START Data extracts
lemma prob_not_WPROP_exists_two_level_ge:
  fixes D :: "real measure" and \<mu> R t :: real
  assumes PD: "prob_space D" and SD: "sets D = sets borel"
    and pos: "AE x in D. 0 < x \<and> x \<le> 1" and mu: "\<mu> = (\<integral>x. x \<partial>D)"
    and "1 \<le> k" "k \<le> n" "1 \<le> m" "0 < R" "0 \<le> t"
    and shortfall: "real m - real (n - k) \<le> R / (real k * R + (real n - real k)) * (real k * real m * \<mu> - t)"
  shows "1 - exp (-2 * t^2 / (real k * real m)) \<le> measure (util_space D n m)
           {u \<in> space (util_space D n m). \<not> WPROP_exists n m (two_level_weights k R) u}"
proof -
  let ?M = "util_space D n m" and ?w = "two_level_weights k R"
  let ?W = "real k * R + (real n - real k)"
  interpret prob_space ?M using PD by (rule prob_space_util_space)
  define B where "B = {u \<in> space ?M. (\<Sum>i<k. \<Sum>g<m. u (i, g)) \<le> real k * real m * \<mu> - t}"
  have "(\<lambda>u. u (i, g)) \<in> borel_measurable ?M" if "i < k" "g < m" for i g
    using measurable_util_space_component[OF SD] that \<open>k \<le> n\<close> by auto
  then have "B \<in> events" unfolding B_def by measurable
  have "prob B \<le> exp (-2 * t^2 / (real k * real m))"
    unfolding B_def using pos \<open>1 \<le> k\<close> \<open>k \<le> n\<close> \<open>1 \<le> m\<close> \<open>0 \<le> t\<close>
    by (intro util_space_heavy_sum_lower_tail[OF PD SD _ mu]) (auto elim: AE_mp)
  have "0 < ?W" using \<open>0 < R\<close> \<open>1 \<le> k\<close> \<open>k \<le> n\<close> by (simp add: add_pos_nonneg)
  have "AE u in ?M. u \<in> space ?M - B \<longrightarrow> \<not> WPROP_exists n m ?w u"
    using AE_util_space_components[OF PD pos, of n m]
  proof eventually_elim
    case (elim u)
    show ?case
    proof
      assume "u \<in> space ?M - B"
      then have "R / ?W * (real k * real m * \<mu> - t) < R / ?W * (\<Sum>i<k. \<Sum>g<m. u (i, g))"
        using \<open>0 < R\<close> \<open>0 < ?W\<close> unfolding B_def by (intro mult_strict_left_mono) auto
      then show "\<not> WPROP_exists n m ?w u"
        using elim shortfall \<open>k \<le> n\<close> \<open>1 \<le> m\<close> \<open>0 < R\<close> by (intro not_WPROP_exists_two_level) auto
    qed
  qed
  then have "prob (space ?M - B) \<le> prob {u \<in> space ?M. \<not> WPROP_exists n m ?w u}"
    using sets_not_WPROP_exists[OF SD] by (intro finite_measure_mono_AE) auto
  then show ?thesis
    using prob_compl[OF \<open>B \<in> events\<close>] \<open>prob B \<le> _\<close> by linarith
qed

(* c is the margin of the inequality at K = a N and M = x N, divided by N^2; the bound on N
   absorbs the rounding loss K \<ge> a N - 1. *)
lemma two_level_margin_at_max_items:
  fixes s R a x c N K :: real
  assumes "1 \<le> R" "0 \<le> s" "0 < x"
    and c_def: "c = s * x * a - (x - 1 + a) * (a * (R - 1) + 1)" and "0 < c"
    and N: "s * x / c \<le> N" and K: "a * N - 1 \<le> K" "K \<le> a * N" "0 \<le> K"
  shows "(x * N - N + K) * (K * R + N - K) \<le> s * K * (x * N)"
proof -
  have "0 \<le> s * x / c" using \<open>0 \<le> s\<close> \<open>0 < x\<close> \<open>0 < c\<close> by simp
  then have "0 \<le> N" using N by linarith
  have "0 \<le> K * R + N - K" using \<open>0 \<le> N\<close> K \<open>1 \<le> R\<close> mult_left_mono[of 1 R K] by simp
  show ?thesis
  proof (cases "x * N - N + K \<le> 0")
    case True
    have "(x * N - N + K) * (K * R + N - K) \<le> 0"
      using True \<open>0 \<le> K * R + N - K\<close> by (rule mult_nonpos_nonneg)
    also have "0 \<le> s * K * (x * N)" using \<open>0 \<le> s\<close> K \<open>0 < x\<close> \<open>0 \<le> N\<close> by simp
    finally show ?thesis .
  next
    case False
    have "K * R + N - K \<le> a * N * (R - 1) + N"
      using K \<open>1 \<le> R\<close> mult_right_mono[of K "a * N" "R - 1"] by (simp add: algebra_simps)
    then have "(x * N - N + K) * (K * R + N - K) \<le> (x * N - N + a * N) * (a * N * (R - 1) + N)"
      using False K \<open>0 \<le> K * R + N - K\<close> by (intro mult_mono) auto
    also have "\<dots> = s * (a * N - 1) * (x * N) - N * (N * c - s * x)"
      unfolding c_def by (simp add: algebra_simps)
    also have "\<dots> \<le> s * (a * N - 1) * (x * N)"
    proof -
      have "s * x \<le> N * c" using N \<open>0 < c\<close> by (simp add: field_simps)
      then show ?thesis using \<open>0 \<le> N\<close> mult_left_mono[of "s * x" "N * c" N] by simp
    qed
    also have "\<dots> \<le> s * K * (x * N)"
      using K \<open>0 \<le> s\<close> \<open>0 < x\<close> \<open>0 \<le> N\<close> by (intro mult_right_mono mult_left_mono) auto
    finally show ?thesis .
  qed
qed

lemma two_level_margin:
  fixes s R a x c N K M :: real
  assumes "1 \<le> R" "0 \<le> s" "0 < x"
    and "c = s * x * a - (x - 1 + a) * (a * (R - 1) + 1)" and "0 < c"
    and "s * x / c \<le> N" and K: "a * N - 1 \<le> K" "K \<le> a * N" "0 \<le> K" "K \<le> N"
    and M: "0 \<le> M" "M \<le> x * N"
  shows "(M - N + K) * (K * R + N - K) \<le> s * K * M"
proof -
  define W where "W = K * R + N - K"
  have "0 \<le> W" unfolding W_def using K \<open>1 \<le> R\<close> mult_left_mono[of 1 R K] by simp
  \<comment> \<open>the difference of the two sides is affine in M, so the endpoints M = 0 and M = x N suffice\<close>
  have affine: "s * K * M' - (M' - N + K) * W = M' * (s * K - W) + (N - K) * W" for M'
    by (simp add: algebra_simps)
  have "0 \<le> s * K * (x * N) - (x * N - N + K) * W"
    using two_level_margin_at_max_items[OF assms(1-9)] unfolding W_def by simp
  then have "0 \<le> s * K * M - (M - N + K) * W"
    using M K \<open>0 \<le> W\<close> unfolding affine
    by (cases "0 \<le> s * K - W") (auto intro: order_trans mult_right_mono_neg)
  then show ?thesis unfolding W_def by simp
qed

lemma two_level_margin_constant_pos:
  fixes \<mu> \<epsilon> :: real
  assumes "0 < \<mu>" "\<mu> < 1" "0 < \<epsilon>" "\<epsilon> < 1/2"
  defines "p \<equiv> 1 - \<mu>"
  defines "R \<equiv> 2 / (p^2 * \<epsilon>^2)" and "d \<equiv> \<epsilon> * p / 8" and "a \<equiv> \<epsilon> / 2" and "x \<equiv> (1 - \<epsilon>) / p"
  shows "0 < R * (1 - d) * \<mu> * x * a - (x - 1 + a) * (a * (R - 1) + 1)"
proof -
  have p: "0 < p" "p < 1" using assms by (auto simp: p_def)
  define T where "T = 1 / (p^2 * \<epsilon>)"
  have aR: "a * R = T" and "0 < T" and px: "p * x = 1 - \<epsilon>"
    using p \<open>0 < \<epsilon>\<close> by (auto simp: a_def R_def T_def x_def field_simps power2_eq_square)
  have "p * (x - 1 + a) = \<mu> - \<epsilon> + a * p"
    using px unfolding p_def by (simp add: algebra_simps)
  have "p * (R * (1 - d) * \<mu> * x * a - (x - 1 + a) * (a * (R - 1) + 1))
      = (a * R) * (1 - d) * \<mu> * (p * x) - (p * (x - 1 + a)) * (a * R - a + 1)"
    by (simp add: algebra_simps)
  also have "\<dots> = T * (1 - d) * \<mu> * (1 - \<epsilon>) - (\<mu> - \<epsilon> + a * p) * (T - a + 1)"
    unfolding aR px \<open>p * (x - 1 + a) = \<mu> - \<epsilon> + a * p\<close> ..
  also have "\<dots> = T * ((1 - d) * \<mu> * (1 - \<epsilon>) - (\<mu> - \<epsilon> + a * p)) - (\<mu> - \<epsilon> + a * p) * (1 - a)"
    by (simp add: algebra_simps)
  finally have eq: "p * (R * (1 - d) * \<mu> * x * a - (x - 1 + a) * (a * (R - 1) + 1))
      = T * ((1 - d) * \<mu> * (1 - \<epsilon>) - (\<mu> - \<epsilon> + a * p)) - (\<mu> - \<epsilon> + a * p) * (1 - a)" .
  have "3 * \<epsilon> * p / 8 \<le> (1 - d) * \<mu> * (1 - \<epsilon>) - (\<mu> - \<epsilon> + a * p)"
  proof -
    have "(1 - d) * \<mu> * (1 - \<epsilon>) - (\<mu> - \<epsilon> + a * p) = \<epsilon> * p / 2 - d * \<mu> * (1 - \<epsilon>)"
      unfolding a_def p_def by (simp add: algebra_simps)
    moreover have "d * \<mu> * (1 - \<epsilon>) \<le> d" unfolding d_def using assms p by (simp add: mult_le_one)
    ultimately show ?thesis unfolding d_def by simp
  qed
  then have "T * (3 * \<epsilon> * p / 8) \<le> T * ((1 - d) * \<mu> * (1 - \<epsilon>) - (\<mu> - \<epsilon> + a * p))"
    using \<open>0 < T\<close> by (simp add: mult_left_mono)
  moreover have "T * (3 * \<epsilon> * p / 8) = 3 / (8 * p)"
    unfolding T_def using p \<open>0 < \<epsilon>\<close> by (simp add: field_simps power2_eq_square)
  moreover have "(\<mu> - \<epsilon> + a * p) * (1 - a) \<le> \<mu>"
  proof (cases "0 \<le> \<mu> - \<epsilon> + a * p")
    case True
    have "(\<mu> - \<epsilon> + a * p) * (1 - a) \<le> \<mu> - \<epsilon> + a * p"
      using True assms by (simp add: a_def mult_left_le)
    also have "\<dots> \<le> \<mu>" using p assms by (simp add: a_def mult_le_one)
    finally show ?thesis .
  next
    case False
    then have "(\<mu> - \<epsilon> + a * p) * (1 - a) \<le> 0"
      using assms by (intro mult_nonpos_nonneg) (auto simp: a_def)
    then show ?thesis using assms by simp
  qed
  moreover have "\<mu> < 3 / (8 * p)"
  proof -
    have "0 \<le> (2 * p - 1) * (2 * p - 1)" by simp
    then have "8 * p * \<mu> < 3" unfolding p_def by (simp add: algebra_simps)
    then show ?thesis using p by (simp add: field_simps)
  qed
  ultimately have "0 < p * (R * (1 - d) * \<mu> * x * a - (x - 1 + a) * (a * (R - 1) + 1))"
    using eq by linarith
  then show ?thesis using p by (simp add: zero_less_mult_iff)
qed

(* The first \<lfloor>a n\<rfloor> agents get weight R, there are at most x n items, and d is the relative
   deviation of the heavy agents' total utility from its mean that Hoeffding's inequality rules out. *)
locale two_level_construction =
  fixes D :: "real measure" and \<mu> R d a x :: real
  assumes prob_space_D: "prob_space D" and sets_D: "sets D = sets borel"
    and utility_range: "AE y in D. 0 < y \<and> y \<le> 1" and mean: "\<mu> = (\<integral>y. y \<partial>D)"
    and mean_pos: "0 < \<mu>" and R_ge_1: "1 \<le> R" and d: "0 < d" "d < 1"
    and a: "0 < a" "a \<le> 1" and x_pos: "0 < x"
    and margin_pos: "0 < R * (1 - d) * \<mu> * x * a - (x - 1 + a) * (a * (R - 1) + 1)"
begin

definition margin :: real where
  "margin = R * (1 - d) * \<mu> * x * a - (x - 1 + a) * (a * (R - 1) + 1)"

lemma margin_gt_0: "0 < margin"
  using margin_pos by (simp add: margin_def)

lemma heavy_agents_margin:
  assumes n: "R * (1 - d) * \<mu> * x / margin \<le> real n" "1 \<le> a * real n"
    and m: "1 \<le> m" "real m \<le> x * real n"
  defines "k \<equiv> nat \<lfloor>a * real n\<rfloor>"
  shows "1 \<le> k" and "k \<le> n" and "a * real n - 1 \<le> real k"
    and "real m - real (n - k)
      \<le> R / (real k * R + (real n - real k)) * (real k * real m * \<mu> - d * \<mu> * real k * real m)"
proof -
  show k: "a * real n - 1 \<le> real k" "1 \<le> k"
    using n by (auto simp: k_def le_nat_iff le_floor_iff)
  have "real k \<le> a * real n" using n by (simp add: k_def)
  moreover have "a * real n \<le> real n" using a(1) a(2) by (intro mult_left_le_one_le) auto
  ultimately show "k \<le> n" by linarith
  define W where "W = real k * R + (real n - real k)"
  have "0 < W" using R_ge_1 \<open>1 \<le> k\<close> \<open>k \<le> n\<close> by (simp add: W_def add_pos_nonneg)
  have "0 \<le> R * (1 - d) * \<mu>" using R_ge_1 d(2) mean_pos by simp
  then have "(real m - real n + real k) * (real k * R + real n - real k) \<le> R * (1 - d) * \<mu> * real k * real m"
    using \<open>k \<le> n\<close> \<open>real k \<le> a * real n\<close> m
    by (intro two_level_margin[OF R_ge_1 _ x_pos margin_def margin_gt_0 n(1) k(1)]) auto
  then have "real m - real n + real k \<le> R * (1 - d) * \<mu> * real k * real m / W"
    using \<open>0 < W\<close> by (simp add: W_def add_diff_eq pos_le_divide_eq)
  moreover have "real m - real (n - k) = real m - real n + real k"
    using \<open>k \<le> n\<close> by (simp add: of_nat_diff)
  moreover have "R * (1 - d) * \<mu> * real k * real m / W
      = R / W * (real k * real m * \<mu> - d * \<mu> * real k * real m)"
    by (simp add: algebra_simps diff_divide_distrib)
  ultimately show "real m - real (n - k)
      \<le> R / (real k * R + (real n - real k)) * (real k * real m * \<mu> - d * \<mu> * real k * real m)"
    unfolding W_def by simp
qed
END Data extracts
→ **What is expected**
Report each line in the data that holds the word "linarith".

→ **Answer for this exercise**
    using prob_compl[OF \<open>B \<in> events\<close>] \<open>prob B \<le> _\<close> by linarith
  then have "0 \<le> N" using N by linarith
    using eq by linarith
  ultimately show "k \<le> n" by linarith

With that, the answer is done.